» ACTIVITY
Going down the data below, set down exactly the line with "x | x. norm" and each line after it through the line with "approximate eigenvalue; an"; no other lines.

[Start of section]

lemma
  fixes G :: "(real^'n^'n) set" and x z :: "real^'n" and \<epsilon> :: real
  assumes grp: "orth_group_haar G \<mu>" and x: "norm x \<le> 1" and z: "norm z \<le> 1" and \<epsilon>: "\<epsilon> > 0"
  shows integrable_interval_integral_psi_template:
      "integrable gauss_tmpl
         (\<lambda>\<nu>. LBINT \<tau>=-(1+\<epsilon>)..(1+\<epsilon>). psi \<mu> x (template \<epsilon> \<nu>) \<tau> * psi \<mu> z (template \<epsilon> \<nu>) \<tau>)"
    and K_s_eq_pair_integral:
      "K_s \<mu> \<epsilon> x z = (\<integral>p. (\<integral>\<nu>. indicator {\<nu>. (norm \<nu>)\<^sup>2 < 1 + \<epsilon>} \<nu>
           * (1 + \<epsilon> - max ((x v* fst p) \<bullet> \<nu>) ((z v* snd p) \<bullet> \<nu>)) \<partial>gauss_tmpl) \<partial>(\<mu> \<Otimes>\<^sub>M \<mu>))"
    and integrable_pair_integral_truncated_max:
      "integrable (\<mu> \<Otimes>\<^sub>M \<mu>) (\<lambda>p. \<integral>\<nu>. indicator {\<nu>. (norm \<nu>)\<^sup>2 < 1 + \<epsilon>} \<nu>
           * (1 + \<epsilon> - max ((x v* fst p) \<bullet> \<nu>) ((z v* snd p) \<bullet> \<nu>)) \<partial>gauss_tmpl)"
proof -
  interpret P: prob_space \<mu> by (rule orth_group_haarD(1)[OF grp])
  interpret PP: pair_prob_space \<mu> \<mu> by unfold_locales
  interpret Q: prob_space "gauss_tmpl :: (real^'n) measure" by (rule prob_space_gauss_tmpl)
  interpret PQ: pair_prob_space "\<mu> \<Otimes>\<^sub>M \<mu>" "gauss_tmpl :: (real^'n) measure" by unfold_locales
  define F where "F p \<nu> = indicator {\<nu>. (norm \<nu>)\<^sup>2 < 1 + \<epsilon>} \<nu>
      * (1 + \<epsilon> - max ((x v* fst p) \<bullet> \<nu>) ((z v* snd p) \<bullet> \<nu>))"
    for p :: "(real^'n^'n) \<times> (real^'n^'n)" and \<nu> :: "real^'n"
  have F: "integrable ((\<mu> \<Otimes>\<^sub>M \<mu>) \<Otimes>\<^sub>M gauss_tmpl) (\<lambda>(p, \<nu>). F p \<nu>)"
    using integrable_pair_gauss_truncated_max[OF grp x z, of "1 + \<epsilon>"] \<epsilon>
    by (simp add: F_def dot_lmul_matrix)
  note template = interval_integral_psi_template[OF grp x z \<epsilon>]
  have F_eq: "(\<integral>p. indicator {\<nu>. (norm \<nu>)\<^sup>2 < 1 + \<epsilon>} \<nu> * (1 + \<epsilon> - max (x \<bullet> (fst p *v \<nu>)) (z \<bullet> (snd p *v \<nu>)))
      \<partial>(\<mu> \<Otimes>\<^sub>M \<mu>)) = (\<integral>p. F p \<nu> \<partial>(\<mu> \<Otimes>\<^sub>M \<mu>))" for \<nu>
    by (simp add: F_def dot_lmul_matrix)
  show "integrable gauss_tmpl
      (\<lambda>\<nu>. LBINT \<tau>=-(1+\<epsilon>)..(1+\<epsilon>). psi \<mu> x (template \<epsilon> \<nu>) \<tau> * psi \<mu> z (template \<epsilon> \<nu>) \<tau>)"
    unfolding template F_eq using PQ.integrable_snd[OF F] .
  show "K_s \<mu> \<epsilon> x z = (\<integral>p. (\<integral>\<nu>. indicator {\<nu>. (norm \<nu>)\<^sup>2 < 1 + \<epsilon>} \<nu>
      * (1 + \<epsilon> - max ((x v* fst p) \<bullet> \<nu>) ((z v* snd p) \<bullet> \<nu>)) \<partial>gauss_tmpl) \<partial>(\<mu> \<Otimes>\<^sub>M \<mu>))"
    unfolding K_s_def template F_eq PQ.Fubini_integral[OF F] by (simp add: F_def[abs_def])
  show "integrable (\<mu> \<Otimes>\<^sub>M \<mu>) (\<lambda>p. \<integral>\<nu>. indicator {\<nu>. (norm \<nu>)\<^sup>2 < 1 + \<epsilon>} \<nu>
      * (1 + \<epsilon> - max ((x v* fst p) \<bullet> \<nu>) ((z v* snd p) \<bullet> \<nu>)) \<partial>gauss_tmpl)"
    using PQ.integrable_fst[OF F] unfolding F_def .
qed
(* Let $A$ be a bounded linear operator on a complex Hilbert space $\mathcal H\neq\{0\}$. Then $W_0(A)\cap\partial W(A)\neq\emptyset$ if and only if $A$ is normaloid.
   Context: The numerical range of $A$ is $W(A)=\{\langle Ax,x\rangle : x\in\mathcal H,\ \|x\|=1\}$, and $\partial W(A)$ denotes its boundary in $\mathbb C$. The maximal numerical range $W_0(A)$ is the set of all $\lambda\in\mathbb C$ for which there exist unit vectors $x_n\in\mathcal H$ with $\|Ax_n\|\to\|A\|$ and $\langle Ax_n,x_n\rangle\to\lambda$. The operator $A$ is called normaloid if $\sigma(A)\cap\mathcal C_A\neq\emptyset$, where $\sigma(A)$ is the spectrum and $\mathcal C_A=\{z\in\mathbb C: |z|=\|A\|\}$; equivalently, if the closure of $W(A)$ meets $\mathcal C_A$, i.e. the numerical radius $\sup\{|z|: z\in W(A)\}$ equals $\|A\|$. *)

theory Defs
  imports "HOL-Analysis.Analysis"
begin

class complex_hilbert = banach +
  fixes scaleC :: "complex \<Rightarrow> 'a \<Rightarrow> 'a"
    and cinner :: "'a \<Rightarrow> 'a \<Rightarrow> complex"
  assumes scaleC_of_real: "scaleC (of_real r) x = scaleR r x"
    and scaleC_add_right: "scaleC a (x + y) = scaleC a x + scaleC a y"
    and scaleC_add_left: "scaleC (a + b) x = scaleC a x + scaleC b x"
    and scaleC_scaleC: "scaleC a (scaleC b x) = scaleC (a * b) x"
    and scaleC_one: "scaleC 1 x = x"
    and cinner_add_left: "cinner (x + y) z = cinner x z + cinner y z"
    and cinner_scaleC_left: "cinner (scaleC a x) y = a * cinner x y"
    and cinner_commute: "cinner y x = cnj (cinner x y)"
    and cinner_self_norm: "cinner x x = of_real ((norm x)\<^sup>2)"

definition bounded_clinear_op :: "('a::complex_hilbert \<Rightarrow> 'a) \<Rightarrow> bool" where
  "bounded_clinear_op A \<longleftrightarrow> bounded_linear A \<and> (\<forall>c x. A (scaleC c x) = scaleC c (A x))"

definition numerical_range :: "('a::complex_hilbert \<Rightarrow> 'a) \<Rightarrow> complex set" where
  "numerical_range A = {cinner (A x) x | x. norm x = 1}"

definition max_numerical_range :: "('a::complex_hilbert \<Rightarrow> 'a) \<Rightarrow> complex set" where
  "max_numerical_range A = {l. \<exists>x :: nat \<Rightarrow> 'a. (\<forall>n. norm (x n) = 1)
       \<and> (\<lambda>n. norm (A (x n))) \<longlonglongrightarrow> onorm A
       \<and> (\<lambda>n. cinner (A (x n)) (x n)) \<longlonglongrightarrow> l}"

definition op_spectrum :: "('a::complex_hilbert \<Rightarrow> 'a) \<Rightarrow> complex set" where
  "op_spectrum A = {l. \<not> (\<exists>B. bounded_clinear_op B
       \<and> (\<forall>x. B (A x - scaleC l x) = x) \<and> (\<forall>x. A (B x) - scaleC l (B x) = x))}"

definition normaloid :: "('a::complex_hilbert \<Rightarrow> 'a) \<Rightarrow> bool" where
  "normaloid A \<longleftrightarrow> op_spectrum A \<inter> {z. cmod z = onorm A} \<noteq> {}"

end

theory Submission
  imports Defs
begin

text \<open>
  If \<open>m \<in> \<sigma>(A)\<close> has \<open>|m| = \<parallel>A\<parallel>\<close>, then \<open>A - m\<close> cannot be bounded below (bounded below
  operators close to the invertible \<open>A - \<mu>\<close>, \<open>|\<mu>| > \<parallel>A\<parallel>\<close>, are invertible), so \<open>m\<close> is an
  approximate eigenvalue; an approximate eigenvector sequence puts \<open>m\<close> into \<open>W\<^sub>0(A)\<close> and into the
  closure of \<open>W(A)\<close>, and \<open>|W(A)| \<le> \<parallel>A\<parallel>\<close> puts it on the boundary.

  Conversely, let \<open>l \<in> W\<^sub>0(A) \<inter> \<partial>W(A)\<close>. By the Toeplitz--Hausdorff theorem \<open>W(A)\<close> is convex,
  so after a rotation \<open>B\<close> of \<open>A\<close> we have \<open>Re W(B) \<le> a\<close> and unit vectors \<open>x\<^sub>n\<close> with
  \<open>\<parallel>B x\<^sub>n\<parallel> \<rightarrow> N = \<parallel>B\<parallel>\<close> and \<open>Re \<langle>B x\<^sub>n, x\<^sub>n\<rangle> \<rightarrow> a\<close>. The positive operators \<open>a - Re B\<close> and
  \<open>N\<^sup>2 - B\<^sup>*B\<close> are then asymptotically null along \<open>x\<^sub>n\<close>, which forces
  \<open>(B\<^sup>2 - 2aB + N\<^sup>2) x\<^sub>n \<rightarrow> 0\<close>. Since \<open>B\<^sup>2 - 2aB + N\<^sup>2 = (B - m)(B - m')\<close> with
  \<open>m, m' = a \<plusminus> i\<surd>(N\<^sup>2 - a\<^sup>2)\<close>, one of \<open>m, m'\<close>, both of modulus \<open>N\<close>, is an approximate
  eigenvalue of \<open>B\<close>; rotating back gives a spectral value of \<open>A\<close> of modulus \<open>\<parallel>A\<parallel>\<close>.
\<close>

section \<open>Complex Hilbert spaces\<close>

lemma scaleC_zero_left [simp]: "scaleC 0 (x::'a::complex_hilbert) = 0"
  using scaleC_of_real [of 0 x] by simp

[End of section]

» RESPONSE BOX
  "numerical_range A = {cinner (A x) x | x. norm x = 1}"

definition max_numerical_range :: "('a::complex_hilbert \<Rightarrow> 'a) \<Rightarrow> complex set" where
  "max_numerical_range A = {l. \<exists>x :: nat \<Rightarrow> 'a. (\<forall>n. norm (x n) = 1)
       \<and> (\<lambda>n. norm (A (x n))) \<longlonglongrightarrow> onorm A
       \<and> (\<lambda>n. cinner (A (x n)) (x n)) \<longlonglongrightarrow> l}"

definition op_spectrum :: "('a::complex_hilbert \<Rightarrow> 'a) \<Rightarrow> complex set" where
  "op_spectrum A = {l. \<not> (\<exists>B. bounded_clinear_op B
       \<and> (\<forall>x. B (A x - scaleC l x) = x) \<and> (\<forall>x. A (B x) - scaleC l (B x) = x))}"

definition normaloid :: "('a::complex_hilbert \<Rightarrow> 'a) \<Rightarrow> bool" where
  "normaloid A \<longleftrightarrow> op_spectrum A \<inter> {z. cmod z = onorm A} \<noteq> {}"

end

theory Submission
  imports Defs
begin

text \<open>
  If \<open>m \<in> \<sigma>(A)\<close> has \<open>|m| = \<parallel>A\<parallel>\<close>, then \<open>A - m\<close> cannot be bounded below (bounded below
  operators close to the invertible \<open>A - \<mu>\<close>, \<open>|\<mu>| > \<parallel>A\<parallel>\<close>, are invertible), so \<open>m\<close> is an
  approximate eigenvalue; an approximate eigenvector sequence puts \<open>m\<close> into \<open>W\<^sub>0(A)\<close> and into the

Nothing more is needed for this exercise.